#### Task requirements
What is needed is an exact printout of all the data.

== Available records

lemma inj_on_neighbourhood_traces:
  assumes haus: "Hausdorff_space X" and dense: "X closure_of (\<eta> ` A) = topspace X"
  shows "inj_on (\<lambda>x. {\<eta> -` U \<inter> A | U. openin X U \<and> x \<in> U}) (topspace X)"
proof (rule inj_onI, rule ccontr)
  fix x y assume x: "x \<in> topspace X" and y: "y \<in> topspace X" and "x \<noteq> y"
    and eq: "{\<eta> -` U \<inter> A | U. openin X U \<and> x \<in> U} = {\<eta> -` U \<inter> A | U. openin X U \<and> y \<in> U}"
  then obtain U V where UV: "openin X U" "openin X V" "x \<in> U" "y \<in> V" "disjnt U V"
    using haus unfolding Hausdorff_space_def by metis
  then have "\<eta> -` U \<inter> A \<in> {\<eta> -` U \<inter> A | U. openin X U \<and> y \<in> U}"
    unfolding eq[symmetric] by blast
  then obtain W where W: "openin X W" "y \<in> W" "\<eta> -` U \<inter> A = \<eta> -` W \<inter> A"
    by blast
  have "y \<in> X closure_of (\<eta> ` A)"
    using dense y by simp
  moreover have "openin X (W \<inter> V)" "y \<in> W \<inter> V"
    using W UV by auto
  ultimately obtain a where a: "a \<in> A" "\<eta> a \<in> W \<inter> V"
    unfolding in_closure_of by blast
  then have "\<eta> a \<in> U"
    using W(3) by blast
  then show False
    using a UV(5) by (auto simp: disjnt_def)
qed

lemma lc_completion_set_set:
  fixes G :: "('a, 'm) monoid_scheme"
  assumes C: "lc_completion G \<tau> H \<sigma> \<eta>"
  obtains H' :: "'a set set monoid" and \<sigma>' \<eta>'
  where "lc_completion G \<tau> H' \<sigma>' \<eta>'"
    and "totally_disconnected_space \<sigma>' \<longleftrightarrow> totally_disconnected_space \<sigma>"
proof -
  note L = lc_completionD[OF C]
  define f where "f x = {\<eta> -` U \<inter> carrier G | U. openin \<sigma> U \<and> x \<in> U}" for x
  have inj: "inj_on f (topspace \<sigma>)"
    unfolding f_def using L(1,3,6)
    by (intro inj_on_neighbourhood_traces) (simp_all add: lc_group_def)
  define \<sigma>' where "\<sigma>' = pullback_topology (f ` topspace \<sigma>) (inv_into (topspace \<sigma>) f) \<sigma>"
  have hom: "homeomorphic_maps \<sigma> \<sigma>' f (inv_into (topspace \<sigma>) f)"
    unfolding \<sigma>'_def by (rule homeomorphic_maps_pullback_inv_into[OF inj])
  have "f \<in> iso H (image_group f H)" "group (image_group f H)"
    using inj L(3) inj_imp_image_group_iso group.inj_imp_image_group_is_group[OF L(2)] by simp_all
  then have "lc_completion G \<tau> (image_group f H) \<sigma>' (f \<circ> \<eta>)"
    using lc_completion_iso_homeomorphic[OF C _ _ hom] by blast
  moreover have "\<sigma> homeomorphic_space \<sigma>'"
    using hom homeomorphic_space_def by blast
  ultimately show ?thesis
    using that homeomorphic_totally_disconnected_space by blast
qed

lemma lc_completion_completion_of:
  fixes G :: "('a, 'm) monoid_scheme"
  assumes "lc_completion G \<tau> (H :: 'a set set monoid) \<sigma> \<eta>" and "completion_of G \<tau> = (H', \<sigma>', \<eta>')"
  shows "lc_completion G \<tau> H' \<sigma>' \<eta>'"
proof -
  have "(\<lambda>(H, \<sigma>, \<eta>). lc_completion G \<tau> H \<sigma> \<eta>) (completion_of G \<tau>)"
    using someI[of "\<lambda>(H, \<sigma>, \<eta>). lc_completion G \<tau> H \<sigma> \<eta>" "(H, \<sigma>, \<eta>)"] assms(1)
    by (simp add: completion_of_def)
  then show ?thesis
    using assms(2) by simp
qed

lemma tjoin_eq_pullback_topology:
  assumes C1: "lc_completion G \<tau>1 H1 \<sigma>1 \<eta>1" and C2: "lc_completion G \<tau>2 H2 \<sigma>2 \<eta>2"
  shows "tjoin G \<tau>1 \<tau>2 = pullback_topology (carrier G) (\<lambda>s. (\<eta>1 s, \<eta>2 s)) (prod_topology \<sigma>1 \<sigma>2)"
proof -
  obtain K1 \<rho>1 \<theta>1 where K1: "completion_of G \<tau>1 = (K1, \<rho>1, \<theta>1)"
    by (cases "completion_of G \<tau>1") auto
  obtain K2 \<rho>2 \<theta>2 where K2: "completion_of G \<tau>2 = (K2, \<rho>2, \<theta>2)"
    by (cases "completion_of G \<tau>2") auto
  obtain H1' :: "'a set set monoid" and \<sigma>1' \<eta>1' where "lc_completion G \<tau>1 H1' \<sigma>1' \<eta>1'"
    using lc_completion_set_set[OF C1] by blast
  then have "lc_completion G \<tau>1 K1 \<rho>1 \<theta>1"
    using lc_completion_completion_of K1 by blast
  then have 1: "pullback_topology (carrier G) \<theta>1 \<rho>1 = pullback_topology (carrier G) \<eta>1 \<sigma>1"
    using lc_completionD(7) C1 by metis
  obtain H2' :: "'a set set monoid" and \<sigma>2' \<eta>2' where "lc_completion G \<tau>2 H2' \<sigma>2' \<eta>2'"
    using lc_completion_set_set[OF C2] by blast
  then have "lc_completion G \<tau>2 K2 \<rho>2 \<theta>2"
    using lc_completion_completion_of K2 by blast
  then have 2: "pullback_topology (carrier G) \<theta>2 \<rho>2 = pullback_topology (carrier G) \<eta>2 \<sigma>2"
    using lc_completionD(7) C2 by metis
  show ?thesis
    unfolding tjoin_def K1 K2 using pullback_topology_pair_cong[OF 1 2] by simp
qed

lemma T_tdI:
  assumes G: "group G" and coarser: "\<And>U. openin \<tau> U \<Longrightarrow> openin T U"
    and C: "lc_completion G \<tau> H \<sigma> \<eta>" and td: "totally_disconnected_space \<sigma>"
  shows "\<tau> \<in> T_td G T"
proof -
  obtain H' :: "'a set set monoid" and \<sigma>' \<eta>'
    where "lc_completion G \<tau> H' \<sigma>' \<eta>'" "totally_disconnected_space \<sigma>'"
    using lc_completion_set_set[OF C] td by blast
  then show ?thesis
    using coarser topological_group_lc_completion[OF G C]
    unfolding T_td_def T_set_def coarser_group_topology_def by blast
qed

lemma T_td_coarser:
  "\<tau> \<in> T_td G T \<Longrightarrow> openin \<tau> U \<Longrightarrow> openin T U"
  by (simp add: T_td_def T_set_def coarser_group_topology_def)

lemma continuous_map_id_T_td:
  assumes "topological_group G T" "\<tau> \<in> T_td G T"
  shows "continuous_map T \<tau> id"
proof -
  have "topspace \<tau> = topspace T"
    using assms by (simp add: T_td_def T_set_def coarser_group_topology_def topological_group_def)
  then show ?thesis
    using topology_finer_continuous_id[of \<tau> T] T_td_coarser[OF assms(2)] by simp
qed

lemma lc_completion_comp_surj:
  assumes C: "lc_completion Q \<tau> K \<rho> \<theta>" and q: "q \<in> hom G Q" "q ` carrier G = carrier Q"
  shows "lc_completion G (pullback_topology (carrier G) q \<tau>) K \<rho> (\<theta> \<circ> q)"
proof -
  note L = lc_completionD[OF C]
  have pb: "pullback_topology (carrier G) q \<tau> = pullback_topology (carrier G) (\<theta> \<circ> q) \<rho>"
    using L(7) pullback_topology_compose[of q "carrier G" "carrier Q"] q(2) by simp
  have "(\<theta> \<circ> q) ` carrier G = \<theta> ` carrier Q"
    using q(2) by (metis image_comp)
  then show ?thesis
    using L(1,6) hom_compose[OF q(1) L(4)]
    by (simp add: lc_completion_def pb continuous_map_pullback_topology)
qed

====

#### Exercise result
lemma inj_on_neighbourhood_traces:
  assumes haus: "Hausdorff_space X" and dense: "X closure_of (\<eta> ` A) = topspace X"
  shows "inj_on (\<lambda>x. {\<eta> -` U \<inter> A | U. openin X U \<and> x \<in> U}) (topspace X)"
proof (rule inj_onI, rule ccontr)
  fix x y assume x: "x \<in> topspace X" and y: "y \<in> topspace X" and "x \<noteq> y"
    and eq: "{\<eta> -` U \<inter> A | U. openin X U \<and> x \<in> U} = {\<eta> -` U \<inter> A | U. openin X U \<and> y \<in> U}"
  then obtain U V where UV: "openin X U" "openin X V" "x \<in> U" "y \<in> V" "disjnt U V"
    using haus unfolding Hausdorff_space_def by metis
  then have "\<eta> -` U \<inter> A \<in> {\<eta> -` U \<inter> A | U. openin X U \<and> y \<in> U}"
    unfolding eq[symmetric] by blast
  then obtain W where W: "openin X W" "y \<in> W" "\<eta> -` U \<inter> A = \<eta> -` W \<inter> A"
    by blast
  have "y \<in> X closure_of (\<eta> ` A)"
    using dense y by simp
  moreover have "openin X (W \<inter> V)" "y \<in> W \<inter> V"
    using W UV by auto
  ultimately obtain a where a: "a \<in> A" "\<eta> a \<in> W \<inter> V"
    unfolding in_closure_of by blast
  then have "\<eta> a \<in> U"
    using W(3) by blast
  then show False
    using a UV(5) by (auto simp: disjnt_def)
qed

lemma lc_completion_set_set:
  fixes G :: "('a, 'm) monoid_scheme"
  assumes C: "lc_completion G \<tau> H \<sigma> \<eta>"
  obtains H' :: "'a set set monoid" and \<sigma>' \<eta>'
  where "lc_completion G \<tau> H' \<sigma>' \<eta>'"
    and "totally_disconnected_space \<sigma>' \<longleftrightarrow> totally_disconnected_space \<sigma>"
proof -
  note L = lc_completionD[OF C]
  define f where "f x = {\<eta> -` U \<inter> carrier G | U. openin \<sigma> U \<and> x \<in> U}" for x
  have inj: "inj_on f (topspace \<sigma>)"
    unfolding f_def using L(1,3,6)
    by (intro inj_on_neighbourhood_traces) (simp_all add: lc_group_def)
  define \<sigma>' where "\<sigma>' = pullback_topology (f ` topspace \<sigma>) (inv_into (topspace \<sigma>) f) \<sigma>"
  have hom: "homeomorphic_maps \<sigma> \<sigma>' f (inv_into (topspace \<sigma>) f)"
    unfolding \<sigma>'_def by (rule homeomorphic_maps_pullback_inv_into[OF inj])
  have "f \<in> iso H (image_group f H)" "group (image_group f H)"
    using inj L(3) inj_imp_image_group_iso group.inj_imp_image_group_is_group[OF L(2)] by simp_all
  then have "lc_completion G \<tau> (image_group f H) \<sigma>' (f \<circ> \<eta>)"
    using lc_completion_iso_homeomorphic[OF C _ _ hom] by blast
  moreover have "\<sigma> homeomorphic_space \<sigma>'"
    using hom homeomorphic_space_def by blast
  ultimately show ?thesis
    using that homeomorphic_totally_disconnected_space by blast
qed

lemma lc_completion_completion_of:
  fixes G :: "('a, 'm) monoid_scheme"
  assumes "lc_completion G \<tau> (H :: 'a set set monoid) \<sigma> \<eta>" and "completion_of G \<tau> = (H', \<sigma>', \<eta>')"
  shows "lc_completion G \<tau> H' \<sigma>' \<eta>'"
proof -
  have "(\<lambda>(H, \<sigma>, \<eta>). lc_completion G \<tau> H \<sigma> \<eta>) (completion_of G \<tau>)"
    using someI[of "\<lambda>(H, \<sigma>, \<eta>). lc_completion G \<tau> H \<sigma> \<eta>" "(H, \<sigma>, \<eta>)"] assms(1)
    by (simp add: completion_of_def)
  then show ?thesis
    using assms(2) by simp
qed

lemma tjoin_eq_pullback_topology:
  assumes C1: "lc_completion G \<tau>1 H1 \<sigma>1 \<eta>1" and C2: "lc_completion G \<tau>2 H2 \<sigma>2 \<eta>2"
  shows "tjoin G \<tau>1 \<tau>2 = pullback_topology (carrier G) (\<lambda>s. (\<eta>1 s, \<eta>2 s)) (prod_topology \<sigma>1 \<sigma>2)"
proof -
  obtain K1 \<rho>1 \<theta>1 where K1: "completion_of G \<tau>1 = (K1, \<rho>1, \<theta>1)"
    by (cases "completion_of G \<tau>1") auto
  obtain K2 \<rho>2 \<theta>2 where K2: "completion_of G \<tau>2 = (K2, \<rho>2, \<theta>2)"
    by (cases "completion_of G \<tau>2") auto
  obtain H1' :: "'a set set monoid" and \<sigma>1' \<eta>1' where "lc_completion G \<tau>1 H1' \<sigma>1' \<eta>1'"
    using lc_completion_set_set[OF C1] by blast
  then have "lc_completion G \<tau>1 K1 \<rho>1 \<theta>1"
    using lc_completion_completion_of K1 by blast
  then have 1: "pullback_topology (carrier G) \<theta>1 \<rho>1 = pullback_topology (carrier G) \<eta>1 \<sigma>1"
    using lc_completionD(7) C1 by metis
  obtain H2' :: "'a set set monoid" and \<sigma>2' \<eta>2' where "lc_completion G \<tau>2 H2' \<sigma>2' \<eta>2'"
    using lc_completion_set_set[OF C2] by blast
  then have "lc_completion G \<tau>2 K2 \<rho>2 \<theta>2"
    using lc_completion_completion_of K2 by blast
  then have 2: "pullback_topology (carrier G) \<theta>2 \<rho>2 = pullback_topology (carrier G) \<eta>2 \<sigma>2"
    using lc_completionD(7) C2 by metis
  show ?thesis
    unfolding tjoin_def K1 K2 using pullback_topology_pair_cong[OF 1 2] by simp
qed

lemma T_tdI:
  assumes G: "group G" and coarser: "\<And>U. openin \<tau> U \<Longrightarrow> openin T U"
    and C: "lc_completion G \<tau> H \<sigma> \<eta>" and td: "totally_disconnected_space \<sigma>"
  shows "\<tau> \<in> T_td G T"
proof -
  obtain H' :: "'a set set monoid" and \<sigma>' \<eta>'
    where "lc_completion G \<tau> H' \<sigma>' \<eta>'" "totally_disconnected_space \<sigma>'"
    using lc_completion_set_set[OF C] td by blast
  then show ?thesis
    using coarser topological_group_lc_completion[OF G C]
    unfolding T_td_def T_set_def coarser_group_topology_def by blast
qed

lemma T_td_coarser:
  "\<tau> \<in> T_td G T \<Longrightarrow> openin \<tau> U \<Longrightarrow> openin T U"
  by (simp add: T_td_def T_set_def coarser_group_topology_def)

lemma continuous_map_id_T_td:
  assumes "topological_group G T" "\<tau> \<in> T_td G T"
  shows "continuous_map T \<tau> id"
proof -
  have "topspace \<tau> = topspace T"
    using assms by (simp add: T_td_def T_set_def coarser_group_topology_def topological_group_def)
  then show ?thesis
    using topology_finer_continuous_id[of \<tau> T] T_td_coarser[OF assms(2)] by simp
qed

lemma lc_completion_comp_surj:
  assumes C: "lc_completion Q \<tau> K \<rho> \<theta>" and q: "q \<in> hom G Q" "q ` carrier G = carrier Q"
  shows "lc_completion G (pullback_topology (carrier G) q \<tau>) K \<rho> (\<theta> \<circ> q)"
proof -
  note L = lc_completionD[OF C]
  have pb: "pullback_topology (carrier G) q \<tau> = pullback_topology (carrier G) (\<theta> \<circ> q) \<rho>"
    using L(7) pullback_topology_compose[of q "carrier G" "carrier Q"] q(2) by simp
  have "(\<theta> \<circ> q) ` carrier G = \<theta> ` carrier Q"
    using q(2) by (metis image_comp)
  then show ?thesis
    using L(1,6) hom_compose[OF q(1) L(4)]
    by (simp add: lc_completion_def pb continuous_map_pullback_topology)
qed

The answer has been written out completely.